– Ну-ка, хлопцы, вы пока спускайтесь, а я сползаю, гляну, что там с батареей. Если услышите стрельбу – меня не ждите, и когда в другой раз пойдете, тогда и загляньте в низинку.
Славин отделился от отряда и пополз в сторону. День набирал солнечную силу, но роса выпала обильной и не успела высохнуть, отчего прапорщик весь измазался травяной зеленью.
Когда до низины оставалось не более десяти саженей, Славину будто бы послышалась немецкая речь в несколько голосов, но странным образом разобрать, о чем они говорили, было совершенно невозможно.
– Так бывает только во снах, – отчего-то подумалось прапорщику.
Затем, вжавшись в пахнущую разнотравьем землю, обкалываясь часто растущим здесь чертополохом, он подполз к едва приметному брустверу. Голоса стали чуть громче, но вместе с тем – еще более неразборчивыми.
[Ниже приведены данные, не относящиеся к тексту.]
lemma pos_swap_adjacent:
  assumes R: "is_list K R" and i: "Suc i < K" and x: "x \<in> {1..K}"
  shows "pos (swap_pos R (Suc i) (Suc (Suc i))) x =
    (if pos R x = Suc i then Suc (Suc i) else if pos R x = Suc (Suc i) then Suc i else pos R x)"
proof -
  let ?R = "swap_pos R (Suc i) (Suc (Suc i))"
  have L: "Suc i < length R" using is_list_length[OF R] i by simp
  obtain m where m: "m < K" "R ! m = x" using is_list_obtain_index[OF R x] .
  define m' where "m' = (if m = i then Suc i else if m = Suc i then i else m)"
  have "?R ! m' = x" "m' < K" using m i unfolding m'_def by (auto simp: nth_swap_adjacent[OF L])
  then have "pos ?R x = Suc m'" using pos_nth[OF is_list_swap_adjacent[OF R i]] by metis
  moreover have "pos R x = Suc m" using pos_nth[OF R m(1)] m(2) by simp
  ultimately show ?thesis unfolding m'_def by auto
qed

lemma finite_inv_pairs: "finite (inv_pairs K R)"
  by (rule finite_subset[of _ "{1..K} \<times> {1..K}"]) (auto simp: inv_pairs_def)

lemma inv_pairs_swap_adjacent:
  assumes R: "is_list K R" and i: "Suc i < K"
  shows "inv_pairs K (swap_pos R (Suc i) (Suc (Suc i)))
           \<subseteq> insert (min (R ! i) (R ! Suc i), max (R ! i) (R ! Suc i)) (inv_pairs K R)"
proof
  fix p assume "p \<in> inv_pairs K (swap_pos R (Suc i) (Suc (Suc i)))"
  then obtain x y where xy: "p = (x, y)" "x \<in> {1..K}" "y \<in> {1..K}" "x < y"
    and inv: "pos (swap_pos R (Suc i) (Suc (Suc i))) y < pos (swap_pos R (Suc i) (Suc (Suc i))) x"
    unfolding inv_pairs_def by auto
  have "pos R x \<noteq> pos R y" using nth_pos[OF R xy(2)] nth_pos[OF R xy(3)] xy(4) by (metis less_irrefl)
  show "p \<in> insert (min (R ! i) (R ! Suc i), max (R ! i) (R ! Suc i)) (inv_pairs K R)"
  proof (cases "{pos R x, pos R y} = {Suc i, Suc (Suc i)}")
    case True
    then have "{x, y} = {R ! i, R ! Suc i}"
      using pos_eq_Suc_iff[OF R xy(2)] pos_eq_Suc_iff[OF R xy(3)] i by (auto simp: doubleton_eq_iff)
    then show ?thesis using xy(1,4) by (auto simp: doubleton_eq_iff)
  next
    case False
    then have "pos R y < pos R x"
      using inv \<open>pos R x \<noteq> pos R y\<close>
      unfolding pos_swap_adjacent[OF R i xy(2)] pos_swap_adjacent[OF R i xy(3)]
      by (auto split: if_splits)
    then show ?thesis using xy unfolding inv_pairs_def by auto
  qed
qed

lemma inv_pairs_swap_adjacent_descent:
  assumes R: "is_list K R" and i: "Suc i < K" and desc: "R ! Suc i < R ! i"
  shows "inv_pairs K (swap_pos R (Suc i) (Suc (Suc i))) \<subseteq> inv_pairs K R"
proof -
  have "(R ! Suc i, R ! i) \<in> inv_pairs K R"
    using desc pos_nth[OF R] is_list_nth_mem[OF R] i unfolding inv_pairs_def by auto
  then show ?thesis using inv_pairs_swap_adjacent[OF R i] desc by auto
qed

lemma card_inv_pairs_swap_adjacent:
  assumes "is_list K R" "Suc i < K"
  shows "card (inv_pairs K (swap_pos R (Suc i) (Suc (Suc i)))) \<le> card (inv_pairs K R) + 1"
proof -
  have "card (inv_pairs K (swap_pos R (Suc i) (Suc (Suc i))))
      \<le> card (insert (min (R ! i) (R ! Suc i), max (R ! i) (R ! Suc i)) (inv_pairs K R))"
    using inv_pairs_swap_adjacent[OF assms] finite_inv_pairs by (intro card_mono) auto
  also have "\<dots> \<le> card (inv_pairs K R) + 1"
    using finite_inv_pairs by (simp add: card_insert_if)
  finally show ?thesis .
qed

lemma set_take_swap_adjacent:
  assumes "Suc i < length R" "m \<le> i \<or> Suc (Suc i) \<le> m"
  shows "set (take m (swap_pos R (Suc i) (Suc (Suc i)))) = set (take m R)"
  using assms(2)
proof
  assume "m \<le> i"
  then show ?thesis unfolding swap_pos_def by simp
next
  assume m: "Suc (Suc i) \<le> m"
  then have "take m (swap_pos R (Suc i) (Suc (Suc i)))
      = (take m R)[i := take m R ! Suc i, Suc i := take m R ! i]"
    unfolding swap_pos_def by (simp add: take_update_swap)
  also have "set \<dots> = set (take m R)"
    using m assms(1) by (intro set_swap) auto
  finally show ?thesis .
qed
И трижды повторился странный смех. Он мог звучать именно так, если бы смеющийся находился за сотню шагов и будто парил над поляной, Славин даже вскинул взгляд к небу, где ползли ленивые, безучастные ко всем людским страстям облака.
Но вот осталась последняя сажень. Прапорщик, приготовив к стрельбе наган, осторожно заглянул за бруствер. И обомлел от жуткого зрелища, что представилось ему во впадинке.
Позиция была прикрыта сетью со вплетенными ветвями и листьями, отчего ее невозможно было заметить с аэроплана. Там, опираясь один на другого и на земляные насыпи, вокруг разбитых орудий полусидели, полулежали мертвые артиллеристы. Один, второй, третий, четвертый, пятый… Славин поначалу не смог воспринять картину как что-то реальное, ему почудилось, будто это такой особый маскарад, и что среди мертвых скрываются настоящие пушкари, готовые снова произвести выстрел по сигналу невидимого корректировщика. Но живых тут не было. Время и падальщики сделали свое дело, картина смерти ужасала, полуразложившиеся трупы смердели, странно, что раньше никто не заметил этого запаха, ведь он разносился на большое расстояние. Седьмой, восьмой, десятый, – считал и считал Славин. Три орудия. Три расчета по четыре человека, всего двенадцать. Полуистлевшая форма, лохмотья, колышущиеся на ветру, – казалось, будто мертвые шевелились. Окоченевшие руки подносчика мертвой хваткой вцепились в снаряд, офицер склонился над картой огня, стрелок положил руку на затвор… Славину даже почудилось, будто он слышит потрескивание спускового механизма, готового ударить по капсюлю и отправить гранату в полет к другому берегу, хотя ствол орудия перекорежило разрывом, и он съехал набок. Ветер, протиснувшись под маскировочную сеть, пролетая над пушечными лафетами, словно играл с мертвецами, трогал их за погоны, за пуговицы, не пугаясь жутких посиневших провалов глазниц. Ветер издавал звуки, схожие с речью, потому что его резало острыми углами зарядных ящиков и краями стреляных гильз. Мертвый мутный глаз командира, казалось, уставился прямо на Славина, будто вопрошая, а что ты тут делаешь, на моей позиции? Славин содрогнулся – на него взглянула сама вечность, обрисовав всю тщетность бытия и скоротечность жизни. Осторожно, боясь потревожить чуткое забвение непогребенных тел, прапорщик пополз обратно.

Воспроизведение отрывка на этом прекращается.